* **The problem**
Some lines in the records below may hold the word "moreover"; give the number of those lines and nothing else.

* **Data listing**
lemma root_of_unity_nonzero: "(x::complex) ^ d = 1 \<Longrightarrow> 1 \<le> d \<Longrightarrow> x \<noteq> 0"
  by (cases d) auto

lemma monomial_map_comp:
  assumes "p1 permutes {..<m}"
  shows "monomial_map m p1 t1 \<circ> monomial_map m p2 t2 = monomial_map m (p2 \<circ> p1) (\<lambda>i. t1 i * t2 (p1 i))"
  using permutes_in_image[OF assms] by (auto simp: monomial_map_def fun_eq_iff)

lemma monomial_maps_comp:
  assumes "f \<in> monomial_maps d m" "g \<in> monomial_maps d m"
  shows "f \<circ> g \<in> monomial_maps d m"
proof -
  obtain p1 t1 where f: "f = monomial_map m p1 t1" "p1 permutes {..<m}" "\<And>i. i < m \<Longrightarrow> t1 i ^ d = 1"
    using assms(1) by (elim monomial_mapsE) blast
  obtain p2 t2 where g: "g = monomial_map m p2 t2" "p2 permutes {..<m}" "\<And>i. i < m \<Longrightarrow> t2 i ^ d = 1"
    using assms(2) by (elim monomial_mapsE) blast
  have "(t1 i * t2 (p1 i)) ^ d = 1" if "i < m" for i
    using that f(3) g(3) permutes_in_image[OF f(2)] by (simp add: power_mult_distrib)
  then show ?thesis
    unfolding f(1) g(1) monomial_map_comp[OF f(2)]
    by (intro monomial_mapsI permutes_compose f(2) g(2))
qed

lemma id_in_monomial_maps: "id \<in> monomial_maps d m"
proof -
  have "id = monomial_map m id (\<lambda>_. 1)"
    by (simp add: monomial_map_def fun_eq_iff)
  then show ?thesis
    by (metis monomial_mapsI permutes_id power_one)
qed

lemma monomial_maps_Suc: "monomial_maps d m \<subseteq> monomial_maps d (Suc m)"
proof
  fix g assume "g \<in> monomial_maps d m"
  then obtain p t where g: "g = monomial_map m p t" "p permutes {..<m}" "\<And>i. i < m \<Longrightarrow> t i ^ d = 1"
    by (elim monomial_mapsE) blast
  have "g = monomial_map (Suc m) p (t(m := 1))"
    using permutes_not_in[OF g(2), of m] by (auto simp: g(1) monomial_map_def fun_eq_iff less_Suc_eq)
  moreover have "p permutes {..<Suc m}"
    using g(2) by (rule permutes_subset) auto
  ultimately show "g \<in> monomial_maps d (Suc m)"
    using g(3) by (auto intro!: monomial_mapsI simp: less_Suc_eq)
qed

lemma monomial_maps_inverse:
  assumes "1 \<le> d" "g \<in> monomial_maps d m"
  obtains g' where "g' \<in> monomial_maps d m" "g' \<circ> g = id" "g \<circ> g' = id"
proof -
  obtain p t where g: "g = monomial_map m p t" "p permutes {..<m}" "\<And>i. i < m \<Longrightarrow> t i ^ d = 1"
    using assms(2) by (elim monomial_mapsE) blast
  have t_nonzero: "t i \<noteq> 0" if "i < m" for i
    using g(3)[OF that] assms(1) by (rule root_of_unity_nonzero)
  have in_range: "inv p i < m" "p i < m" if "i < m" for i
    using that permutes_in_image[OF permutes_inv[OF g(2)]] permutes_in_image[OF g(2)] by auto
  define g' where "g' = monomial_map m (inv p) (\<lambda>j. 1 / t (inv p j))"
  have "g' \<in> monomial_maps d m"
    unfolding g'_def using g(3) in_range
    by (intro monomial_mapsI permutes_inv[OF g(2)]) (simp add: power_divide)
  moreover have "g' \<circ> g = id" "g \<circ> g' = id"
    by (auto simp: fun_eq_iff g'_def g(1) monomial_map_def in_range t_nonzero permutes_inverses[OF g(2)])
  ultimately show ?thesis
    using that by blast
qed

lemma monomial_maps_bij:
  assumes "1 \<le> d" "g \<in> monomial_maps d m"
  shows "bij g"
  using assms by (metis monomial_maps_inverse o_bij)

lemma inv_in_monomial_maps:
  assumes "1 \<le> d" "g \<in> monomial_maps d m"
  shows "inv g \<in> monomial_maps d m"
  using assms by (metis monomial_maps_inverse inv_unique_comp)

lemma mat_act_in_monomial_maps:
  assumes "M \<in> monomial_group d m"
  shows "mat_act m M \<in> monomial_maps d m"
proof -
  have row: "\<And>i. i < m \<Longrightarrow> \<exists>!j. j < m \<and> M i j \<noteq> 0"
    and col: "\<And>j. j < m \<Longrightarrow> \<exists>!i. i < m \<and> M i j \<noteq> 0"
    and root: "\<And>i j. i < m \<Longrightarrow> j < m \<Longrightarrow> M i j \<noteq> 0 \<Longrightarrow> M i j ^ d = 1"
    using assms unfolding monomial_group_def by simp_all
  define p where "p i = (if i < m then THE j. j < m \<and> M i j \<noteq> 0 else i)" for i
  have p: "p i < m" "M i (p i) \<noteq> 0" if "i < m" for i
    using theI'[OF row[OF that]] that by (simp_all add: p_def)
  have p_unique: "j = p i" if "i < m" "j < m" "M i j \<noteq> 0" for i j
    using row[OF that(1)] p[OF that(1)] that(2,3) by blast
  have "inj_on p {..<m}"
  proof (rule inj_onI)
    fix i i' assume "i \<in> {..<m}" "i' \<in> {..<m}" "p i = p i'"
    then show "i = i'"
      using col[of "p i"] p[of i] p[of i'] by auto
  qed
  moreover have "p ` {..<m} \<subseteq> {..<m}"
    using p by auto
  ultimately have "bij_betw p {..<m} {..<m}"
    by (simp add: bij_betw_def endo_inj_surj)
  then have perm: "p permutes {..<m}"
    by (rule bij_imp_permutes) (simp add: p_def)
  have "mat_act m M = monomial_map m p (\<lambda>i. M i (p i))"
  proof (intro ext)
    fix z i
    show "mat_act m M z i = monomial_map m p (\<lambda>i. M i (p i)) z i"
    proof (cases "i < m")
      case True
      then have "(\<Sum>j<m. M i j * z j) = (\<Sum>j<m. if j = p i then M i (p i) * z (p i) else 0)"
        using p_unique by (intro sum.cong) auto
      with True p show ?thesis
        by (simp add: mat_act_def monomial_map_def)
    qed (simp add: mat_act_def monomial_map_def)
  qed
  moreover have "M i (p i) ^ d = 1" if "i < m" for i
    using root p that by blast
  ultimately show ?thesis
    using perm by (simp add: monomial_mapsI)
qed

lemma monomial_maps_in_mat_act:
  assumes "1 \<le> d" "g \<in> monomial_maps d m"
  shows "g \<in> mat_act m ` monomial_group d m"
proof -
  obtain p t where g: "g = monomial_map m p t" "p permutes {..<m}" "\<And>i. i < m \<Longrightarrow> t i ^ d = 1"
    using assms(2) by (elim monomial_mapsE) blast
  have in_range: "p i < m" "inv p i < m" if "i < m" for i
    using that permutes_in_image[OF g(2)] permutes_in_image[OF permutes_inv[OF g(2)]] by auto
  have t_nonzero: "t i \<noteq> 0" if "i < m" for i
    using g(3)[OF that] assms(1) by (rule root_of_unity_nonzero)
  define M where "M i j = (if i < m \<and> j < m \<and> j = p i then t i else 0)" for i j
  have "\<exists>!j. j < m \<and> M i j \<noteq> 0" if "i < m" for i
    using that by (intro ex1I[of _ "p i"]) (auto simp: M_def in_range t_nonzero split: if_splits)
  moreover have "\<exists>!i. i < m \<and> M i j \<noteq> 0" if "j < m" for j
    using that by (intro ex1I[of _ "inv p j"])
      (auto simp: M_def in_range t_nonzero permutes_inverses[OF g(2)] split: if_splits)
  ultimately have "M \<in> monomial_group d m"
    using g(3) by (auto simp: monomial_group_def M_def)
  moreover have "mat_act m M = g"
  proof (intro ext)
    fix z i
    show "mat_act m M z i = g z i"
    proof (cases "i < m")
      case True
      then have "(\<Sum>j<m. M i j * z j) = (\<Sum>j<m. if j = p i then t i * z (p i) else 0)"
        by (intro sum.cong) (auto simp: M_def)
      with True in_range show ?thesis
        by (simp add: mat_act_def monomial_map_def g(1))
    qed (simp add: mat_act_def monomial_map_def g(1))
  qed
  ultimately show ?thesis
    by blast
qed

lemma mat_act_monomial_group:
  "1 \<le> d \<Longrightarrow> mat_act m ` monomial_group d m = monomial_maps d m"
  using mat_act_in_monomial_maps monomial_maps_in_mat_act by blast

lemma cohom_iff:
  assumes "1 \<le> d"
  shows "c \<in> cohom d n r \<longleftrightarrow> c \<in> ext_power (arrangement d n) r \<and>
           (\<forall>g \<in> monomial_maps d n. \<forall>xs. c (map ((`) g) xs) = c xs)"
  unfolding cohom_def mat_act_monomial_group[OF assms, symmetric] by auto

lemma cohom_support:
  "c \<in> cohom d n r \<Longrightarrow> c xs \<noteq> 0 \<Longrightarrow> length xs = r \<and> set xs \<subseteq> arrangement d n"
  unfolding cohom_def ext_power_def by blast

lemma arrangement_ratioI:
  "i < j \<Longrightarrow> j < m \<Longrightarrow> \<zeta> ^ d = 1 \<Longrightarrow> {z. z i = \<zeta> * z j} \<in> arrangement d m"
  unfolding arrangement_def by blast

* **Written response**
6